Pregnant pause in breast cancer treatment ‘safe’

3 minute read


Putting endocrine therapy on hold to have a baby doesn’t increase risk of breast cancer recurrence or birth complications.


Women who put their endocrine treatment on hold to have children do not have a higher risk of breast cancer recurrence, according to new research presented at the San Antonio Breast Cancer Symposium this month.

The analysis of 500 women who had estrogen receptor-positive breast cancer also found that among women who temporarily stopped their endocrine treatment to become pregnant, 8.9% had their breast cancer recur in three years compared to 9.2% among women who did not stop treatment.

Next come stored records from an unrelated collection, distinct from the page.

lemma total_influence_le:
  assumes "finite N" "cube_degree_le N D G"
  shows "(\<Sum>i\<in>N. \<Sum>U\<in>Pow N. (G (insert i U) - G (U - {i}))\<^sup>2) \<le> 4 * D * (\<Sum>U\<in>Pow N. (G U)\<^sup>2)"
proof -
  let ?w = "\<lambda>S. (walsh_coeff N G S)\<^sup>2"
  have "(\<Sum>i\<in>N. \<Sum>S\<in>Pow N. if i \<in> S then ?w S else 0) = (\<Sum>S\<in>Pow N. \<Sum>i\<in>N. if i \<in> S then ?w S else 0)"
    by (rule sum.swap)
  also have "\<dots> = (\<Sum>S\<in>Pow N. real (card S) * ?w S)"
    using assms(1) by (intro sum.cong refl) (simp add: sum.If_cases Int_absorb1)
  also have "\<dots> \<le> (\<Sum>S\<in>Pow N. real D * ?w S)"
  proof (rule sum_mono)
    fix S assume "S \<in> Pow N"
    then show "real (card S) * ?w S \<le> real D * ?w S"
      using walsh_coeff_eq_0_if_degree_less[OF assms] by (cases "D < card S") (auto intro: mult_right_mono)
  qed
  also have "\<dots> = real D * 2 ^ card N * (\<Sum>U\<in>Pow N. (G U)\<^sup>2)"
    by (simp add: parseval_walsh_coeff[OF assms(1)] flip: sum_distrib_left)
  finally have weighted_bound:
    "(\<Sum>i\<in>N. \<Sum>S\<in>Pow N. if i \<in> S then ?w S else 0) \<le> real D * 2 ^ card N * (\<Sum>U\<in>Pow N. (G U)\<^sup>2)" .
  have "(\<Sum>i\<in>N. \<Sum>U\<in>Pow N. (G (insert i U) - G (U - {i}))\<^sup>2)
      = 4 * (\<Sum>i\<in>N. \<Sum>S\<in>Pow N. if i \<in> S then ?w S else 0) / 2 ^ card N"
    using assms(1) by (simp add: sum_derivative_squared sum_divide_distrib sum_distrib_left)
  also have "\<dots> \<le> 4 * (real D * 2 ^ card N * (\<Sum>U\<in>Pow N. (G U)\<^sup>2)) / 2 ^ card N"
    using weighted_bound by (intro divide_right_mono mult_left_mono) auto
  also have "\<dots> = 4 * D * (\<Sum>U\<in>Pow N. (G U)\<^sup>2)"
    by simp
  finally show ?thesis .
qed

text \<open>Lagrange interpolation: the indicator of a level set of \<open>G\<close> is a polynomial in \<open>G\<close>.\<close>

lemma cube_degree_le_level_indicator:
  assumes "finite N" "cube_degree_le N d G" "finite vals" "G ` Pow N \<subseteq> vals" "v \<in> vals"
  shows "cube_degree_le N (d * (card vals - 1)) (\<lambda>U. of_bool (G U = v))"
proof -
  have "cube_degree_le N (d * card (vals - {v})) (\<lambda>U. \<Prod>w\<in>vals - {v}. (G U - w) / (v - w))"
  proof (intro cube_degree_le_prod assms(1) finite_Diff assms(3))
    fix w
    have "cube_degree_le N d (\<lambda>U. 1 / (v - w) * G U + - w / (v - w))"
      by (intro cube_degree_le_add cube_degree_le_scale cube_degree_le_const assms(1,2))
    then show "cube_degree_le N d (\<lambda>U. (G U - w) / (v - w))"
      by (rule cube_degree_le_cong) (simp add: diff_divide_distrib)
  qed
  then have "cube_degree_le N (d * (card vals - 1)) (\<lambda>U. \<Prod>w\<in>vals - {v}. (G U - w) / (v - w))"
    using assms(3,5) by simp
  then show ?thesis
  proof (rule cube_degree_le_cong)
    fix U assume "U \<subseteq> N"
    then have "G U \<in> vals"
      using assms(4) by blast
    then show "(\<Prod>w\<in>vals - {v}. (G U - w) / (v - w)) = of_bool (G U = v)"
      using assms(3) by (cases "G U = v") (auto intro: prod_zero)
  qed
qed

lemma card_sensitive_le_sum_level_indicators:
  assumes "finite N" "i \<in> N" "finite vals" "G ` Pow N \<subseteq> vals"
  shows "real (card {U\<in>Pow N. G (insert i U) \<noteq> G (U - {i})})
           \<le> (\<Sum>U\<in>Pow N. \<Sum>v\<in>vals. (of_bool (G (insert i U) = v) - of_bool (G (U - {i}) = v))\<^sup>2)"
proof -
  have "real (card {U\<in>Pow N. G (insert i U) \<noteq> G (U - {i})})
      = (\<Sum>U\<in>Pow N. of_bool (G (insert i U) \<noteq> G (U - {i})))"
    using assms(1) by (simp add: sum.inter_filter[symmetric] of_bool_def)
  also have "\<dots> \<le> (\<Sum>U\<in>Pow N. \<Sum>v\<in>vals. (of_bool (G (insert i U) = v) - of_bool (G (U - {i}) = v))\<^sup>2)"
  proof (rule sum_mono)
    fix U assume "U \<in> Pow N"
    then have "G (insert i U) \<in> vals"
      using assms(2,4) by (simp add: image_subset_iff)
    then have "(of_bool (G (insert i U) = G (insert i U)) - of_bool (G (U - {i}) = G (insert i U)))\<^sup>2
               \<le> (\<Sum>v\<in>vals. (of_bool (G (insert i U) = v) - of_bool (G (U - {i}) = v) :: real)\<^sup>2)"
      using assms(3) by (intro member_le_sum) auto
    then show "of_bool (G (insert i U) \<noteq> G (U - {i}))
               \<le> (\<Sum>v\<in>vals. (of_bool (G (insert i U) = v) - of_bool (G (U - {i}) = v) :: real)\<^sup>2)"
      by (cases "G (insert i U) = G (U - {i})") (simp_all add: sum_nonneg)
  qed
  finally show ?thesis .
qed

text \<open>
  The level indicators of \<open>G\<close> have degree \<open>d (k - 1)\<close> and squared norms summing to \<open>2\<^sup>n\<close>,
  so their total influence is at most \<open>4 d (k - 1) 2\<^sup>n\<close>; each change of \<open>G\<close> in direction \<open>i\<close>
  contributes at least \<open>1\<close> to it.
\<close>

lemma card_sensitive_coords_le:
  assumes "finite N" "cube_degree_le N d G" "V \<subseteq> N"
    and sensitive: "\<And>i. i \<in> V \<Longrightarrow> 2 ^ (card N - e) \<le> card {U\<in>Pow N. G (insert i U) \<noteq> G (U - {i})}"
  shows "card V \<le> 4 * (d * (card (G ` Pow N) - 1)) * 2 ^ e"
proof -
  define vals where "vals = G ` Pow N"
  define D where "D = d * (card vals - 1)"
  define g where "g v U = (of_bool (G U = v) :: real)" for v U
  have "finite vals"
    using assms(1) by (simp add: vals_def)
  have level_sets_partition: "(\<Sum>v\<in>vals. (g v U)\<^sup>2) = 1" if "U \<in> Pow N" for U
  proof -
    have "G U \<in> vals"
      using that by (simp add: vals_def)
    have "(\<Sum>v\<in>vals. (g v U)\<^sup>2) = (\<Sum>v\<in>vals. if v = G U then 1 else 0)"
      by (intro sum.cong) (auto simp: g_def)
    then show ?thesis
      using \<open>G U \<in> vals\<close> \<open>finite vals\<close> by simp
  qed
  have "real (card V) * 2 ^ (card N - e) = (\<Sum>i\<in>V. real (2 ^ (card N - e)))"
    by simp
  also have "\<dots> \<le> (\<Sum>i\<in>V. real (card {U\<in>Pow N. G (insert i U) \<noteq> G (U - {i})}))"
    using sensitive by (intro sum_mono) (simp only: of_nat_le_iff)
  also have "\<dots> \<le> (\<Sum>i\<in>N. real (card {U\<in>Pow N. G (insert i U) \<noteq> G (U - {i})}))"
    using assms(1,3) by (intro sum_mono2) auto
  also have "\<dots> \<le> (\<Sum>i\<in>N. \<Sum>U\<in>Pow N. \<Sum>v\<in>vals. (g v (insert i U) - g v (U - {i}))\<^sup>2)"
    unfolding g_def vals_def
    using assms(1) by (intro sum_mono card_sensitive_le_sum_level_indicators) auto
  also have "\<dots> = (\<Sum>v\<in>vals. \<Sum>i\<in>N. \<Sum>U\<in>Pow N. (g v (insert i U) - g v (U - {i}))\<^sup>2)"
    by (simp add: sum.swap[of _ vals])
  also have "\<dots> \<le> (\<Sum>v\<in>vals. 4 * D * (\<Sum>U\<in>Pow N. (g v U)\<^sup>2))"
    unfolding g_def D_def vals_def
    using assms(1) by (intro sum_mono total_influence_le cube_degree_le_level_indicator assms(2)) auto
  also have "\<dots> = 4 * D * (\<Sum>U\<in>Pow N. \<Sum>v\<in>vals. (g v U)\<^sup>2)"
    by (simp add: sum.swap[of _ vals] flip: sum_distrib_left)
  also have "\<dots> = 4 * D * 2 ^ card N"
    using assms(1) by (simp add: level_sets_partition card_Pow)
  also have "\<dots> \<le> 4 * D * 2 ^ e * 2 ^ (card N - e)"
    by (simp add: mult.assoc flip: power_add) (intro mult_left_mono power_increasing, auto)
  finally have "real (card V) \<le> real (4 * D * 2 ^ e)"
    by simp
  then show ?thesis
    by (simp only: of_nat_le_iff D_def vals_def)
qed

section \<open>Restriction to two-point inputs\<close>

definition two_point_eval :: "'a set \<Rightarrow> ('a set \<Rightarrow> real) \<Rightarrow> real \<Rightarrow> real \<Rightarrow> 'a set \<Rightarrow> real" where
  "two_point_eval N c a b U = (\<Sum>S\<in>Pow N. c S * (\<Prod>j\<in>S. if j \<in> U then b else a))"

lemma cube_degree_le_two_point_eval:
  assumes "finite N" "\<And>S. c S \<noteq> 0 \<Longrightarrow> card S \<le> d"
  shows "cube_degree_le N d (two_point_eval N c a b)"
  unfolding two_point_eval_def
proof (intro cube_degree_le_sum finite_Pow_iff[THEN iffD2] assms(1))
  fix S assume "S \<in> Pow N"
  show "cube_degree_le N d (\<lambda>U. c S * (\<Prod>j\<in>S. if j \<in> U then b else a))"
  proof (cases "c S = 0")
    case True
    then show ?thesis
      by (simp add: cube_degree_le_zero)
  next
    case False
    have "finite S"
      using \<open>S \<in> Pow N\<close> assms(1) finite_subset by auto
    have "cube_degree_le N (1 * card S) (\<lambda>U. \<Prod>j\<in>S. if j \<in> U then b else a)"
    proof (intro cube_degree_le_prod assms(1) \<open>finite S\<close>)
      fix j assume "j \<in> S"
      have "cube_degree_le N 1 (\<lambda>U. a + (b - a) * of_bool ({j} \<subseteq> U))"
        using \<open>j \<in> S\<close> \<open>S \<in> Pow N\<close> assms(1)
        by (intro cube_degree_le_add cube_degree_le_const cube_degree_le_monomial) auto
      then show "cube_degree_le N 1 (\<lambda>U. if j \<in> U then b else a)"
        by (rule cube_degree_le_cong) auto
    qed
    then show ?thesis
      using assms(2)[OF False] by (intro cube_degree_le_scale) (auto intro: cube_degree_le_mono)
  qed
qed

lemma prod_if_mem_else_zero:
  fixes x :: "'b::comm_semiring_1"
  assumes "finite A"
  shows "(\<Prod>j\<in>A. if j \<in> S then x else 0) = (if A \<subseteq> S then x ^ card A else 0)"
proof (cases "A \<subseteq> S")
  case False
  then obtain j where "j \<in> A" "j \<notin> S"
    by blast
  then show ?thesis
    using False assms by (intro trans[OF prod_zero]) auto
qed (auto simp: subset_iff)

lemma alternating_sum_prod_two_point:
  fixes a b :: real
  assumes "finite S0" "finite S" "Z \<inter> S0 = {}"
  shows "(\<Sum>Y\<in>Pow S0. (-1) ^ card (S0 - Y) * (\<Prod>j\<in>S. if j \<in> Y \<union> Z then b else a))
           = (if S0 \<subseteq> S then (b - a) ^ card S0 * (\<Prod>j\<in>S - S0. if j \<in> Z then b else a) else 0)"
proof -
  define f where "f x j = (if j \<in> S then x else 1)" for x :: real and j
  define C where "C = (\<Prod>j\<in>S - S0. if j \<in> Z then b else a)"
  have split: "(\<Prod>j\<in>S. if j \<in> Y \<union> Z then b else a) = (\<Prod>j\<in>Y. f b j) * (\<Prod>j\<in>S0 - Y. f a j) * C"
    if "Y \<subseteq> S0" for Y
  proof -
    have "(\<Prod>j\<in>S. if j \<in> Y \<union> Z then b else a)
        = (\<Prod>j\<in>S \<inter> S0. if j \<in> Y then b else a) * C"
      unfolding C_def prod.Int_Diff[OF assms(2), of _ S0]
      using assms(3) that by (intro arg_cong2[where f = "(*)"] prod.cong) auto
    also have "(\<Prod>j\<in>S \<inter> S0. if j \<in> Y then b else a) = (\<Prod>j\<in>S0. if j \<in> Y then f b j else f a j)"
      unfolding Int_commute[of S] prod.inter_restrict[OF assms(1)]
      by (intro prod.cong) (auto simp: f_def)
    also have "\<dots> = (\<Prod>j\<in>Y. f b j) * (\<Prod>j\<in>S0 - Y. f a j)"
      using assms(1) that by (simp add: prod.If_cases Int_absorb1 Diff_eq)
    finally show ?thesis .
  qed
  have "(\<Sum>Y\<in>Pow S0. (-1) ^ card (S0 - Y) * (\<Prod>j\<in>S. if j \<in> Y \<union> Z then b else a))
      = (\<Sum>Y\<in>Pow S0. (-1) ^ (card S0 - card Y) * (\<Prod>j\<in>Y. f b j) * (\<Prod>j\<in>S0 - Y. f a j) * C)"
  proof (intro sum.cong refl)
    fix Y assume "Y \<in> Pow S0"
    then show "(-1) ^ card (S0 - Y) * (\<Prod>j\<in>S. if j \<in> Y \<union> Z then b else a)
                 = (-1) ^ (card S0 - card Y) * (\<Prod>j\<in>Y. f b j) * (\<Prod>j\<in>S0 - Y. f a j) * C"
      using split[of Y] assms(1) by (simp add: card_Diff_subset finite_subset mult_ac)
  qed
  also have "\<dots> = (\<Sum>Y\<in>Pow S0. (-1) ^ (card S0 - card Y) * (\<Prod>j\<in>Y. f b j) * (\<Prod>j\<in>S0 - Y. f a j)) * C"
    by (simp add: sum_distrib_right)
  also have "\<dots> = (\<Prod>j\<in>S0. f b j - f a j) * C"
    by (simp add: prod_diff_conv_sum'[OF assms(1)])
  also have "(\<Prod>j\<in>S0. f b j - f a j) = (\<Prod>j\<in>S0. if j \<in> S then b - a else 0)"
    by (intro prod.cong) (auto simp: f_def)
  finally show ?thesis
    by (simp add: prod_if_mem_else_zero[OF assms(1)] C_def)
qed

“They have very good survival, in fact slightly better breast cancer recurrence rates. So we know that we don’t appear to be doing them any harm, at least in the short term of up to three or four years, which is terrific,” Professor Christobel Saunders AO, breast cancer surgeon and researcher, told Oncology Republic.

Professor Saunders said the women in the study did not have higher rates of pregnancy complications and the 365 babies born during the study were not more likely to have birth defects. “Birth defects were very low and not associated with treatment,” she said.

Rates of conception and birth were even slightly higher than in the general population, said the James Stewart Chair of Surgery at Royal Melbourne Hospital and lead investigator of the West Australian arm of the POSITIVE trial.

Professor Saunders said the findings held across different groups with varying stages of cancer, grade of cancer and lymph node status.

“There wasn’t any real signal to show that any tumour subtype or patient subtype had any difference in terms of recurrence rates over and above what would be expected. That was a very good result for us.”

Most of the women who participated were under 40 and 75% had not had children before. Most of the women had stage I or II disease. During their breast cancer treatment they had endocrine therapy for at least 18 months before the trial and 62% also had chemotherapy.

Tamoxifen alone was the most prescribed endocrine treatment, followed by tamoxifen+ovarian function suppression.

The women then paused their endocrine treatment, including a three-month “wash-out period” before trying to conceive either naturally or through IVF.

Professor Saunders said the participants were also given counselling about healthy fertility and offered fertility appointments.

“If by a year they clearly weren’t going to get pregnant, then we encouraged them to restart their endocrine therapy.

“For those who got pregnant, it was a bit longer than that before they restarted their endocrine therapy because they’d have their babies and 62% of them breastfed so it could be two years before they restarted their endocrine therapy.”

Overall, there were 507 pregnancies with 365 births, and some women had more than one child, she said.

Since finishing the trial, 76% of women have resumed endocrine treatment.

Professor Saunders said for young women with breast cancer, fertility was a very important issue, often second only to survival. She said as women increasingly delayed their first pregnancies, there was a growing proportion of young women who developed breast cancer before having children.

“There’s always been concern that if you stopped your treatment that might increase recurrence, or indeed having a pregnancy with all the hormones that flow around that that might increase recurrence, but it doesn’t appear to be so, which is very good news for women.”